Detailed description of the invention
Fig. 1 is according to a kind of overall flow schematic diagram of machine translation method of the embodiment of the present invention;
Fig. 2 is the domain classification knot according to Softmax sorter model in a kind of machine translation method of the embodiment of the present invention Structure schematic diagram;
Fig. 3 is the hybrid decoding side according to categorization module and translation module in a kind of machine translation method of the embodiment of the present invention Formula 1 (SUM) schematic diagram;
Fig. 4 is the hybrid decoding side according to categorization module and translation module in a kind of machine translation method of the embodiment of the present invention Formula 2 (MAX) schematic diagram.
Specific embodiment
With reference to the accompanying drawings and examples, specific embodiments of the present invention will be described in further detail.Implement below Example is not intended to limit the scope of the invention for illustrating the present invention.
It proposes in the present invention a kind of based on unsupervised domain-adaptive neural network machine interpretation method.
Transfer learning inside NMT or SMT can be divided into two kinds of forms, and one is DA (domain-adaptive), NMT models Itself has terseness, and has done least a priori assumption, its performance on field adapts to is inherently more more excellent than SMT, And it can more easily utilize the knowledge of different field.For example the knowledge of news can effectively help Interpreter, it is another Kind is migration, how to utilize extensive single original knowledge improvement machine translation of language.
No matter the method for many domain-adaptives is proposed in NMT or in SMT in recent years, besides the DA in SMT In-depth study is obtained.All methods can be summarized as following five kinds: (1) self-training method is utilized in the field of single language Corpus.(2) data selecting method is retrieved some with corpus identical in domain.(3) data weighting method, according to corpus in domain Similarity come give those sentences distribution weight.(4) based on the method for context, according to part or global context come Distinguish the translation between different field.(5) suitable between sufficiently using topic model to go realization every field based on the method for theme It answers.
Method proposed by the present invention is similar with the third method, but primary difference is that hiding theme has been used to carry out table Show component part, rather than original training data is cut into several composition datas.Most of all, the corpus of small component Being fused to world model is a very big challenge for NMT, and reason is a lack of interpretability.Finally propose an approximation Parameter share and reduce model parameter number, and recognize the decoding algorithm being easily processed.
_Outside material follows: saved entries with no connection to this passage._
theorem lemma1p1:
  fixes d :: nat and T :: "'n::finite tensor"
  assumes "d > 2" and "symmetric_tensor d T"
  shows "((\<exists>k\<in>{1..d-1}. tensor_rank d T \<le> flattening_rank d k T) \<longrightarrow>
           (\<forall>r a. minimal_decomposition d T r a \<longrightarrow> symmetric_decomposition d r a))
       \<and> (\<forall>r a. is_decomposition d T r a \<longrightarrow>
           (\<forall>I. I \<subseteq> {0..<d} \<and> card I = d - 2 \<longrightarrow>
                 lin_indep_family r (\<lambda>i. partial_outer I (a i))) \<longrightarrow>
           symmetric_decomposition d r a)"
  using minimal_decomposition_symmetric[OF assms] symmetric_decomposition_if_indep[OF _ assms(2)] assms(1)
  by auto

end
definition rho :: "'a::real_vector set \<Rightarrow> ('a \<Rightarrow> real) \<Rightarrow> 'a set \<Rightarrow> 'a \<Rightarrow> real" where
  "rho M \<pi> A X = Inf {\<pi> Z | Z. Z \<in> M \<and> X + Z \<in> A}"

definition rho_finite :: "'a::real_vector set \<Rightarrow> ('a \<Rightarrow> real) \<Rightarrow> 'a set \<Rightarrow> bool" where
  "rho_finite M \<pi> A \<longleftrightarrow> (\<forall>X. {\<pi> Z | Z. Z \<in> M \<and> X + Z \<in> A} \<noteq> {} \<and>
                                bdd_below {\<pi> Z | Z. Z \<in> M \<and> X + Z \<in> A})"

definition opt_payoff :: "'a::real_vector set \<Rightarrow> ('a \<Rightarrow> real) \<Rightarrow> 'a set \<Rightarrow> 'a \<Rightarrow> 'a set" where
  "opt_payoff M \<pi> A X = {Z \<in> M. X + Z \<in> A \<and> \<pi> Z = rho M \<pi> A X}"

definition asymptotic_cone :: "'a::{real_vector,topological_space} set \<Rightarrow> 'a set" where
  "asymptotic_cone A = (\<Inter>\<epsilon>\<in>{\<epsilon>::real. \<epsilon> > 0}. closure {l *\<^sub>R X | l X. l \<in> {0..\<epsilon>} \<and> X \<in> A})"

definition usc_at :: "'a::topological_space set \<Rightarrow> ('a \<Rightarrow> 'a set) \<Rightarrow> 'a \<Rightarrow> bool" where
  "usc_at M R X \<longleftrightarrow> (\<forall>U. openin (top_of_set M) U \<and> R X \<subseteq> U \<longrightarrow>
      (\<exists>V. open V \<and> X \<in> V \<and> (\<forall>Y\<in>V. R Y \<subseteq> U)))"

end

theory Submission
  imports Defs
begin

text \<open>Suppose \<open>Y\<^sub>n \<rightarrow> X\<close> and \<open>Z\<^sub>n \<in> R(Y\<^sub>n)\<close>. Expand \<open>Z\<^sub>n\<close> in a basis of the finite-dimensional
space \<open>M\<close>. If the coordinates stay bounded, a subsequence converges, and by closedness of \<open>A\<close>
and continuity of \<open>\<rho>\<close> its limit lies in \<open>R(X)\<close>. If they were unbounded, normalising by their
size would produce, in the limit, a nonzero element of \<open>M\<close> lying in the asymptotic cone of \<open>A\<close>
(being a limit of \<open>t\<^sub>n (Y\<^sub>n + Z\<^sub>n)\<close> with \<open>t\<^sub>n \<rightarrow> 0\<close>) and in \<open>ker \<pi>\<close> (since
\<open>\<pi>(t\<^sub>n Z\<^sub>n) = t\<^sub>n \<rho>(Y\<^sub>n) \<rightarrow> 0\<close>), which the hypothesis excludes. Since the space is first
countable, this sequential statement is upper semicontinuity.\<close>

lemma tvs_tendsto_add:
  fixes f g :: "'b \<Rightarrow> 'a::{real_vector,topological_space}"
  assumes "locally_convex_tvs TYPE('a)" "(f \<longlongrightarrow> a) F" "(g \<longlongrightarrow> b) F"
  shows "((\<lambda>n. f n + g n) \<longlongrightarrow> a + b) F"
proof -
  have "continuous_on UNIV (\<lambda>(x::'a, y::'a). x + y)"
    using assms(1) unfolding locally_convex_tvs_def by blast
  from continuous_on_tendsto_compose[OF this tendsto_Pair[OF assms(2,3)]] show ?thesis
    by simp
qed

lemma tvs_tendsto_scaleR:
  fixes g :: "'b \<Rightarrow> 'a::{real_vector,topological_space}"
  assumes "locally_convex_tvs TYPE('a)" "(f \<longlongrightarrow> a) F" "(g \<longlongrightarrow> b) F"
  shows "((\<lambda>n. f n *\<^sub>R g n) \<longlongrightarrow> a *\<^sub>R b) F"
proof -
  have "continuous_on UNIV (\<lambda>(c::real, x::'a). c *\<^sub>R x)"
    using assms(1) unfolding locally_convex_tvs_def by blast
  from continuous_on_tendsto_compose[OF this tendsto_Pair[OF assms(2,3)]] show ?thesis
    by simp
qed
Others also did similar work in the same old way in NMT, such as the natural language processing group of Stanford University is done One adapts to a new field using already present model, and acquisition is obviously improved.This method is being led on a large scale first Overseas (it is as defined above, with the different field of test set, such as training set and development set news, test set government corpus, Film or trade etc.) on corpus, continue to train in the data that then (provided explanation above) in new small-scale field again, this When their method be concerned with from the overseas transmitting information process in domain, but concern that exploitation one is able to solve number According to the mixed model of isomerism.
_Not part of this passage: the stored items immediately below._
(* Let $\Gamma$ be a connected imprimitive strongly regular graph. Then $E(\Gamma)=E(\bar\Gamma)$ if and only if $\Gamma\cong K_{m\times m}$ for some integer $m>1$. In this case $E(K_{m\times m})=2(m-1)m$, and hence $4\mid E(K_{m\times m})$.
   Context: A strongly regular graph with parameters $(n,k,e,d)$ is a $k$-regular simple graph on $n$ vertices, neither complete nor edgeless, in which every two adjacent vertices have exactly $e$ common neighbours and every two distinct non-adjacent vertices have exactly $d$ common neighbours. It is primitive if both it and its complement are connected, and imprimitive otherwise. $K_{a\times m}$ denotes the complete multipartite graph with $a$ parts each of size $m$. The energy $E(\Gamma)$ is the sum of the absolute values of the adjacency eigenvalues (with multiplicity); $\bar\Gamma$ is the complement. *)

theory Defs
  imports Complex_Main "Jordan_Normal_Form.Char_Poly"
begin

text \<open>A finite simple graph on the vertex set {0..<n}, given by an adjacency
  relation adj (only its values on vertices matter).\<close>

definition simple_graph :: "nat \<Rightarrow> (nat \<Rightarrow> nat \<Rightarrow> bool) \<Rightarrow> bool" where
  "simple_graph n adj \<longleftrightarrow>
     (\<forall>i<n. \<forall>j<n. adj i j \<longleftrightarrow> adj j i) \<and> (\<forall>i<n. \<not> adj i i)"

definition complement :: "nat \<Rightarrow> (nat \<Rightarrow> nat \<Rightarrow> bool) \<Rightarrow> (nat \<Rightarrow> nat \<Rightarrow> bool)" where
  "complement n adj = (\<lambda>i j. i < n \<and> j < n \<and> i \<noteq> j \<and> \<not> adj i j)"

definition common_nbrs :: "nat \<Rightarrow> (nat \<Rightarrow> nat \<Rightarrow> bool) \<Rightarrow> nat \<Rightarrow> nat \<Rightarrow> nat" where
  "common_nbrs n adj i j = card {w. w < n \<and> adj i w \<and> adj j w}"

definition degree :: "nat \<Rightarrow> (nat \<Rightarrow> nat \<Rightarrow> bool) \<Rightarrow> nat \<Rightarrow> nat" where
  "degree n adj i = card {w. w < n \<and> adj i w}"

definition strongly_regular ::
  "nat \<Rightarrow> (nat \<Rightarrow> nat \<Rightarrow> bool) \<Rightarrow> nat \<Rightarrow> nat \<Rightarrow> nat \<Rightarrow> bool" where
  "strongly_regular n adj k e d \<longleftrightarrow>
     simple_graph n adj \<and>
     (\<exists>i<n. \<exists>j<n. i \<noteq> j \<and> \<not> adj i j) \<and>   \<comment> \<open>not complete\<close>
     (\<exists>i<n. \<exists>j<n. adj i j) \<and>                 \<comment> \<open>not edgeless\<close>
     (\<forall>i<n. degree n adj i = k) \<and>
     (\<forall>i<n. \<forall>j<n. adj i j \<longrightarrow> common_nbrs n adj i j = e) \<and>
     (\<forall>i<n. \<forall>j<n. i \<noteq> j \<and> \<not> adj i j \<longrightarrow> common_nbrs n adj i j = d)"

definition is_srg :: "nat \<Rightarrow> (nat \<Rightarrow> nat \<Rightarrow> bool) \<Rightarrow> bool" where
  "is_srg n adj \<longleftrightarrow> (\<exists>k e d. strongly_regular n adj k e d)"

definition connected_graph :: "nat \<Rightarrow> (nat \<Rightarrow> nat \<Rightarrow> bool) \<Rightarrow> bool" where
  "connected_graph n adj \<longleftrightarrow>
     (\<forall>i<n. \<forall>j<n. (\<lambda>x y. x < n \<and> y < n \<and> adj x y)\<^sup>*\<^sup>* i j)"

definition primitive_srg :: "nat \<Rightarrow> (nat \<Rightarrow> nat \<Rightarrow> bool) \<Rightarrow> bool" where
  "primitive_srg n adj \<longleftrightarrow> connected_graph n adj \<and> connected_graph n (complement n adj)"

definition imprimitive_srg :: "nat \<Rightarrow> (nat \<Rightarrow> nat \<Rightarrow> bool) \<Rightarrow> bool" where
  "imprimitive_srg n adj \<longleftrightarrow> is_srg n adj \<and> \<not> primitive_srg n adj"

definition adj_matrix :: "nat \<Rightarrow> (nat \<Rightarrow> nat \<Rightarrow> bool) \<Rightarrow> real mat" where
  "adj_matrix n adj = mat n n (\<lambda>(i, j). if adj i j then 1 else 0)"

definition energy :: "nat \<Rightarrow> (nat \<Rightarrow> nat \<Rightarrow> bool) \<Rightarrow> real" where
  "energy n adj = sum_mset (image_mset cmod
      (proots (char_poly (map_mat complex_of_real (adj_matrix n adj)))))"

text \<open>Complete multipartite graph K_{a x m} on {0..<a*m}: parts are the blocks i div m.\<close>
definition complete_multipartite :: "nat \<Rightarrow> nat \<Rightarrow> (nat \<Rightarrow> nat \<Rightarrow> bool)" where
  "complete_multipartite a m = (\<lambda>i j. i < a * m \<and> j < a * m \<and> i div m \<noteq> j div m)"

definition graph_iso ::
  "nat \<Rightarrow> (nat \<Rightarrow> nat \<Rightarrow> bool) \<Rightarrow> nat \<Rightarrow> (nat \<Rightarrow> nat \<Rightarrow> bool) \<Rightarrow> bool" where
  "graph_iso n adj n' adj' \<longleftrightarrow>
     (\<exists>f. bij_betw f {0..<n} {0..<n'} \<and>
          (\<forall>i<n. \<forall>j<n. adj i j \<longleftrightarrow> adj' (f i) (f j)))"

end

theory Submission
  imports Defs "Jordan_Normal_Form.Schur_Decomposition"
begin

text \<open>In a connected strongly regular graph whose complement is disconnected, every vertex is
  adjacent to an endpoint of every edge: the number \<open>n + e - 2k\<close> of common non-neighbours of an
  edge does not depend on the edge, and it vanishes for an edge joining two components of the
  complement. Hence "equal or non-adjacent" is an equivalence relation with classes of some size
  \<open>s\<close>, the graph is complete multipartite and its complement is a disjoint union of copies of
  \<open>K\<^sub>s\<close>. Both graphs are regular with spectra in \<open>{n - s, 0, -s}\<close> and \<open>{s - 1, 0, -1}\<close>, and for
  a \<open>k\<close>-regular graph with eigenvalues in \<open>{p, 0, -q}\<close> the identities \<open>tr A = 0\<close> and
  \<open>tr A\<^sup>2 = nk\<close> force the energy \<open>2nk/(p + q)\<close>. So the two energies are \<open>2(n - s)\<close> and
  \<open>2n(s - 1)/s\<close>, which agree iff \<open>n = s\<^sup>2\<close>, i.e. iff the graph is \<open>K\<^bsub>s\<times>s\<^esub>\<close>.\<close>

section \<open>Traces and eigenvalues\<close>

definition mat_trace :: "'a::comm_ring_1 mat \<Rightarrow> 'a" where
  "mat_trace A = (\<Sum>i<dim_row A. A $$ (i,i))"

lemma mat_trace_mult_comm:
  fixes A B :: "'a::comm_ring_1 mat"
  assumes "A \<in> carrier_mat n n" and "B \<in> carrier_mat n n"
  shows "mat_trace (A * B) = mat_trace (B * A)"
proof -
  have "mat_trace (A * B) = (\<Sum>i<n. \<Sum>j<n. A $$ (i,j) * B $$ (j,i))"
    using assms by (auto simp: mat_trace_def scalar_prod_def atLeast0LessThan intro!: sum.cong)
  also have "\<dots> = (\<Sum>j<n. \<Sum>i<n. B $$ (j,i) * A $$ (i,j))"
    by (subst sum.swap) (simp add: mult.commute)
  also have "\<dots> = mat_trace (B * A)"
    using assms by (auto simp: mat_trace_def scalar_prod_def atLeast0LessThan intro!: sum.cong)
  finally show ?thesis .
qed

lemma mat_trace_similar_mat_wit:
  fixes A B :: "'a::comm_ring_1 mat"
  assumes "similar_mat_wit A B P Q"
  shows "mat_trace A = mat_trace B"
proof -
  from similar_mat_witD[OF refl assms] obtain n where
    A: "A \<in> carrier_mat n n" and B: "B \<in> carrier_mat n n" and P: "P \<in> carrier_mat n n"
    and Q: "Q \<in> carrier_mat n n" and QP: "Q * P = 1\<^sub>m n" and AB: "A = P * B * Q" by blast
  have "mat_trace A = mat_trace (P * (B * Q))" using AB P B Q by simp
  also have "\<dots> = mat_trace (B * Q * P)" using P B Q by (intro mat_trace_mult_comm) auto
  also have "\<dots> = mat_trace B" using QP B Q P by simp
  finally show ?thesis .
qed

lemma upper_triangular_mult_diag:
  fixes A B :: "'a::comm_ring_1 mat"
  assumes A: "A \<in> carrier_mat n n" and B: "B \<in> carrier_mat n n"
    and "upper_triangular A" and "upper_triangular B" and i: "i < n"
  shows "(A * B) $$ (i,i) = A $$ (i,i) * B $$ (i,i)"
proof -
  have "(A * B) $$ (i,i) = (\<Sum>k<n. A $$ (i,k) * B $$ (k,i))"
    using A B i by (simp add: scalar_prod_def atLeast0LessThan)
  also have "\<dots> = (\<Sum>k<n. if k = i then A $$ (i,i) * B $$ (i,i) else 0)"
    using assms by (intro sum.cong refl) (auto simp: upper_triangular_def elim: linorder_neqE_nat)
  finally show ?thesis using i by simp
qed

lemma proots_prod_linear_factors: "proots (\<Prod>a\<leftarrow>as. [:- a, 1:]) = mset (as :: 'a::idom list)"
proof (induction as)
  case (Cons b bs)
  have "(\<Prod>a\<leftarrow>bs. [:- a, 1:]) \<noteq> 0" by auto
  then have "proots ([:- b, 1:] * (\<Prod>a\<leftarrow>bs. [:- a, 1:]))
      = proots [:- b, 1:] + proots (\<Prod>a\<leftarrow>bs. [:- a, 1:])"
    by (intro proots_mult) auto
  then show ?case using Cons by (simp del: pCons_eq_0_iff mult_pCons_left)
qed simp

lemma similar_upper_triangular_proots:
  fixes A :: "complex mat"
  assumes A: "A \<in> carrier_mat n n"
  obtains B P Q where "similar_mat_wit A B P Q" and "upper_triangular B" and "B \<in> carrier_mat n n"
    and "proots (char_poly A) = mset (diag_mat B)"
proof -
  obtain as where cp: "char_poly A = (\<Prod>a\<leftarrow>as. [:- a, 1:])"
    using char_poly_factorized[OF A] by auto
  obtain B P Q where sd: "schur_decomposition A as = (B,P,Q)"
    by (cases "schur_decomposition A as") auto
  from schur_decomposition[OF A cp sd] similar_mat_witD2[OF A] cp proots_prod_linear_factors
  show ?thesis by (intro that) auto
qed

lemma sum_mset_diag_mat:
  assumes "B \<in> carrier_mat n n"
  shows "(\<Sum>x\<in>#mset (diag_mat B). f x) = (\<Sum>i<n. f (B $$ (i,i)))"
  using assms
  by (simp add: diag_mat_def atLeast0LessThan sum_unfold_sum_mset image_mset.compositionality o_def)

lemma sum_proots_char_poly:
  fixes A :: "complex mat"
  assumes A: "A \<in> carrier_mat n n"
  shows "(\<Sum>x\<in>#proots (char_poly A). x) = mat_trace A"
proof -
  obtain B P Q where sim: "similar_mat_wit A B P Q" and B: "B \<in> carrier_mat n n"
    and pr: "proots (char_poly A) = mset (diag_mat B)"
    using similar_upper_triangular_proots[OF A] .
  show ?thesis
    using sum_mset_diag_mat[OF B, of "\<lambda>x. x"] mat_trace_similar_mat_wit[OF sim] B
    by (simp add: pr mat_trace_def)
qed

lemma sum_sq_proots_char_poly:
  fixes A :: "complex mat"
  assumes A: "A \<in> carrier_mat n n"
  shows "(\<Sum>x\<in>#proots (char_poly A). x\<^sup>2) = mat_trace (A * A)"
proof -
  obtain B P Q where sim: "similar_mat_wit A B P Q" and ut: "upper_triangular B"
    and B: "B \<in> carrier_mat n n" and pr: "proots (char_poly A) = mset (diag_mat B)"
    using similar_upper_triangular_proots[OF A] .
  have sim2: "similar_mat_wit (A * A) (B * B) P Q"
    using similar_mat_wit_pow[OF sim, of 2] A B by (simp add: numeral_2_eq_2)
  have "(\<Sum>x\<in>#proots (char_poly A). x\<^sup>2) = (\<Sum>i<n. (B * B) $$ (i,i))"
    using upper_triangular_mult_diag[OF B B ut ut]
    by (simp add: pr sum_mset_diag_mat[OF B] power2_eq_square)
  also have "\<dots> = mat_trace (A * A)"
    using mat_trace_similar_mat_wit[OF sim2] B by (simp add: mat_trace_def)
  finally show ?thesis .
qed

lemma eigenvalue_if_in_proots_char_poly:
  fixes A :: "complex mat"
  assumes A: "A \<in> carrier_mat n n" and "x \<in># proots (char_poly A)"
  shows "eigenvalue A x"
proof -
  have "char_poly A \<noteq> 0" using degree_monic_char_poly[OF A] by auto
  then show ?thesis using assms eigenvalue_root_char_poly[OF A] by simp
qed

lemma sum_mset_two_point_support:
  fixes f :: "'a::zero \<Rightarrow> 'b::semiring_1"
  assumes "set_mset M \<subseteq> {a, b, 0}" and "a \<noteq> b" and "f 0 = 0"
  shows "(\<Sum>x\<in>#M. f x) = of_nat (count M a) * f a + of_nat (count M b) * f b"
  using assms(1)
proof (induction M)
  case (add x M)
  then show ?case using assms(2,3) by (auto simp: algebra_simps)
qed simp

section \<open>Energy of a regular graph with three eigenvalues\<close>

abbreviation adj_cmat :: "nat \<Rightarrow> (nat \<Rightarrow> nat \<Rightarrow> bool) \<Rightarrow> complex mat" where
  "adj_cmat n G \<equiv> map_mat complex_of_real (adj_matrix n G)"

lemma dim_adj_matrix [simp]: "dim_row (adj_matrix n G) = n" "dim_col (adj_matrix n G) = n"
  by (simp_all add: adj_matrix_def)

lemma adj_matrix_index [simp]:
  "i < n \<Longrightarrow> j < n \<Longrightarrow> adj_matrix n G $$ (i,j) = (if G i j then 1 else 0)"
  by (simp add: adj_matrix_def)

lemma adj_cmat_carrier [simp]: "adj_cmat n G \<in> carrier_mat n n"
  by (simp add: carrier_matI)

lemma sum_filter_lessThan:
  fixes n :: nat
  shows "(\<Sum>j | j < n \<and> P j. f j) = (\<Sum>j<n. if P j then f j else 0)"
proof -
  have "{j. j < n \<and> P j} = {j \<in> {..<n}. P j}" by auto
  then show ?thesis using sum.inter_filter[OF finite_lessThan[of n], of f P] by simp
qed

lemma adj_cmat_row_sum:
  assumes "i < n"
  shows "(\<Sum>j<n. adj_cmat n G $$ (i,j) * u j) = (\<Sum>j | j < n \<and> G i j. u j)"
proof -
  have "(\<Sum>j<n. adj_cmat n G $$ (i,j) * u j) = (\<Sum>j<n. if G i j then u j else 0)"
    using assms by (intro sum.cong) auto
  then show ?thesis by (simp add: sum_filter_lessThan)
qed

lemma mat_trace_adj_cmat:
  assumes "simple_graph n G"
  shows "mat_trace (adj_cmat n G) = 0"
  using assms by (simp add: mat_trace_def simple_graph_def)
In addition to this, other job description is that subject information is directly embedded into neural network.Specifically give NMT provides the corpus of the classification by the LDA subject information obtained or in decoding stage direct labor mark.Also some scholars Subject information is further fused to the encoder and decoder stage.In addition, proposing one kind there are also in some new work The method of control field and with realm information come expansion word vector layer.Predetermined marked is not had to by contrast with them The difference of the subject information infused, technical solution of the present invention and these work is to regard theme as hidden variable (hidden variable) To treat and keep the advantage without changing translation model.It is apparent that being easily applied in natural language processing Other neural network model.
In conclusion it is badly in need of a kind of method of new domain-adaptive in machine translation (either NMT or SMT), Solve the serious problems for be unableing to do without mark corpus in the prior art, avoid original several small cities of training corpus cutting point and Cause to increase the complex operations such as model parameter number, improve the performance of neural network machine translation, improve translation efficiency and obtains It obtains adaptive between more accurate field.
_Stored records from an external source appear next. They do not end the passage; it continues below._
lemma linext_add:
  fixes u v :: "'i \<Rightarrow> 'k::comm_ring_1"
  assumes "finite (supp u)" "finite (supp v)"
  shows "linext f (\<lambda>i. u i + v i) = (\<lambda>j. linext f u j + linext f v j)"
proof
  fix j
  let ?S = "supp u \<union> supp v"
  have "supp (\<lambda>i. u i + v i) \<subseteq> ?S" by (auto simp: supp_def)
  then have "linext f (\<lambda>i. u i + v i) j = (\<Sum>i\<in>?S. (u i + v i) * f i j)"
    using assms by (intro linext_eq_sum) auto
  also have "\<dots> = (\<Sum>i\<in>?S. u i * f i j) + (\<Sum>i\<in>?S. v i * f i j)"
    by (simp add: distrib_right sum.distrib)
  also have "\<dots> = linext f u j + linext f v j"
    using assms by (simp add: linext_eq_sum[of ?S u] linext_eq_sum[of ?S v])
  finally show "linext f (\<lambda>i. u i + v i) j = linext f u j + linext f v j" .
qed

lemma linext_smult:
  fixes v :: "'i \<Rightarrow> 'k::comm_ring_1"
  assumes "finite (supp v)"
  shows "linext f (\<lambda>i. c * v i) = (\<lambda>j. c * linext f v j)"
proof
  fix j
  have "linext f (\<lambda>i. c * v i) j = (\<Sum>i\<in>supp v. (c * v i) * f i j)"
    using assms by (intro linext_eq_sum) (auto simp: supp_def)
  also have "\<dots> = c * linext f v j" by (simp add: linext_def sum_distrib_left mult.assoc)
  finally show "linext f (\<lambda>i. c * v i) j = c * linext f v j" .
qed
lemma torsion_free_iso_ideal:
  assumes tf: torsion_free and x0: "x0 \<in> carrier M" "x0 \<noteq> \<zero>\<^bsub>M\<^esub>"
    and d: "d \<in> carrier R" "d \<noteq> \<zero>" and dx: "\<forall>x\<in>carrier M. d \<odot>\<^bsub>M\<^esub> x \<in> cyclic_submodule x0"
  shows "\<exists>J. ideal J R \<and> J \<noteq> {\<zero>} \<and> module_isomorphic R M (ideal_module R J)"
proof -
  note inj = torsion_free_inj_on_smult_right[OF tf x0]
  define f where "f x = the_inv_into (carrier R) (\<lambda>a. a \<odot>\<^bsub>M\<^esub> x0) (d \<odot>\<^bsub>M\<^esub> x)" for x
  have f: "f x \<in> carrier R" "f x \<odot>\<^bsub>M\<^esub> x0 = d \<odot>\<^bsub>M\<^esub> x" if x: "x \<in> carrier M" for x
  proof -
    have "d \<odot>\<^bsub>M\<^esub> x \<in> (\<lambda>a. a \<odot>\<^bsub>M\<^esub> x0) ` carrier R"
      using dx x unfolding cyclic_submodule_def by blast
    then show "f x \<in> carrier R" "f x \<odot>\<^bsub>M\<^esub> x0 = d \<odot>\<^bsub>M\<^esub> x"
      unfolding f_def using the_inv_into_into[OF inj] f_the_inv_into_f[OF inj] by auto
  qed
  have f_eq: "f x = a" if "x \<in> carrier M" "a \<in> carrier R" "a \<odot>\<^bsub>M\<^esub> x0 = d \<odot>\<^bsub>M\<^esub> x" for x a
    using inj_onD[OF inj, of "f x" a] f that by simp
  have f_Pi: "f \<in> carrier M \<rightarrow> carrier R" using f by blast
  have f_inj: "inj_on f (carrier M)"
  proof (rule inj_onI)
    fix x y assume xy: "x \<in> carrier M" "y \<in> carrier M" "f x = f y"
    then have "d \<odot>\<^bsub>M\<^esub> x = d \<odot>\<^bsub>M\<^esub> y" using f by metis
    then show "x = y" using inj_onD[OF torsion_free_inj_on_smult_left[OF tf d]] xy by blast
  qed
  have f_add: "f (x \<oplus>\<^bsub>M\<^esub> y) = f x \<oplus> f y" if "x \<in> carrier M" "y \<in> carrier M" for x y
    using that f d x0 by (intro f_eq) (auto simp: smult_l_distr smult_r_distr)
  have f_smult: "f (a \<odot>\<^bsub>M\<^esub> x) = a \<otimes> f x" if a: "a \<in> carrier R" and x: "x \<in> carrier M" for a x
  proof (rule f_eq)
    have "(a \<otimes> f x) \<odot>\<^bsub>M\<^esub> x0 = a \<odot>\<^bsub>M\<^esub> (d \<odot>\<^bsub>M\<^esub> x)" using a x x0 f by (simp add: smult_assoc1)
    also have "\<dots> = d \<odot>\<^bsub>M\<^esub> (a \<odot>\<^bsub>M\<^esub> x)" using a x d by (simp add: R.m_comm flip: smult_assoc1)
    finally show "(a \<otimes> f x) \<odot>\<^bsub>M\<^esub> x0 = d \<odot>\<^bsub>M\<^esub> (a \<odot>\<^bsub>M\<^esub> x)" .
  qed (use a x f in auto)
  have "f x0 = d" using f_eq x0 d by simp
  then have "f ` carrier M \<noteq> {\<zero>}" using x0 d by blast
  then show ?thesis
    using module_iso_ideal_image[OF f_Pi f_inj f_add f_smult] unfolding module_isomorphic_def by blast
qed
Neural network machine interpretation method based on unsupervised domain-adaptive is intended to be instructed in the parallel sentence pairs of no mark Practice to generate and translates effect also preferable translation model outside a field on test set.
The method of the present invention is exactly mixed model in fact, because including the disaggregated model and neural network of Softmax classifier The translation model of machine translation.The mixed model thought that forefathers are done be first training corpus according to field (news, film, Government, trade etc.) resolve into several different component partsThen translation model P (y | x;θc) at each Small-scale corpus < Xc,Yc> on training.The model combination of these each component parts is to an independent world model:Wherein λcHybrid parameter, i.e., the parameter of c-th component part, also just to What the distance between the target phase text of translation and the corpus of each small component part matrix obtained, such as: tf/idf, The methods of LSA, perplexity or EM (call TF-IDF, cosine similarity in the present invention in order to calculate similarity).This A little hybrid parameters are to be come by text similarity to predict, without interfering in the learning process of entire mixed model.Although mixed It is fine to close modeling pattern effect in SMT, but it is less simple to adapt to NMT.Basis in SMTFor, Model Fusion that very simply each has individually been instructed to global mould Type, it appears that how he is mixed into NMT has point fuzziness.Main difficult point is that (different field is different next for different component parts Source) thousands of a highests that the neural network translation model come is chosen at those for efficiency reasons are trained on small-scale corpus There are apparent difference on the vocabulary of frequency, illustrate the translation model of training on each different field data set in each small rule On mould corpus component part before training, in pretreatment stage, thousands of a vocabulary of high frequency are selected, at this time every field model Apparent difference is generated on vocabulary.
If not the Model Fusion of small-scale component part to world model, parameter space will be will increase.Except this, search Rope algorithm must add up the weight of the translation probability of all small-scale model sentence levels:
Target phase maximum probabilityIt will not picture
Equally it is broken down into word rank.However, being difficult the nerve those small-scale component parts in decoding process The prediction fusion of Network-based machine translation model is got up, therefore needs to develop the neural network machine translation an of mixed model really System.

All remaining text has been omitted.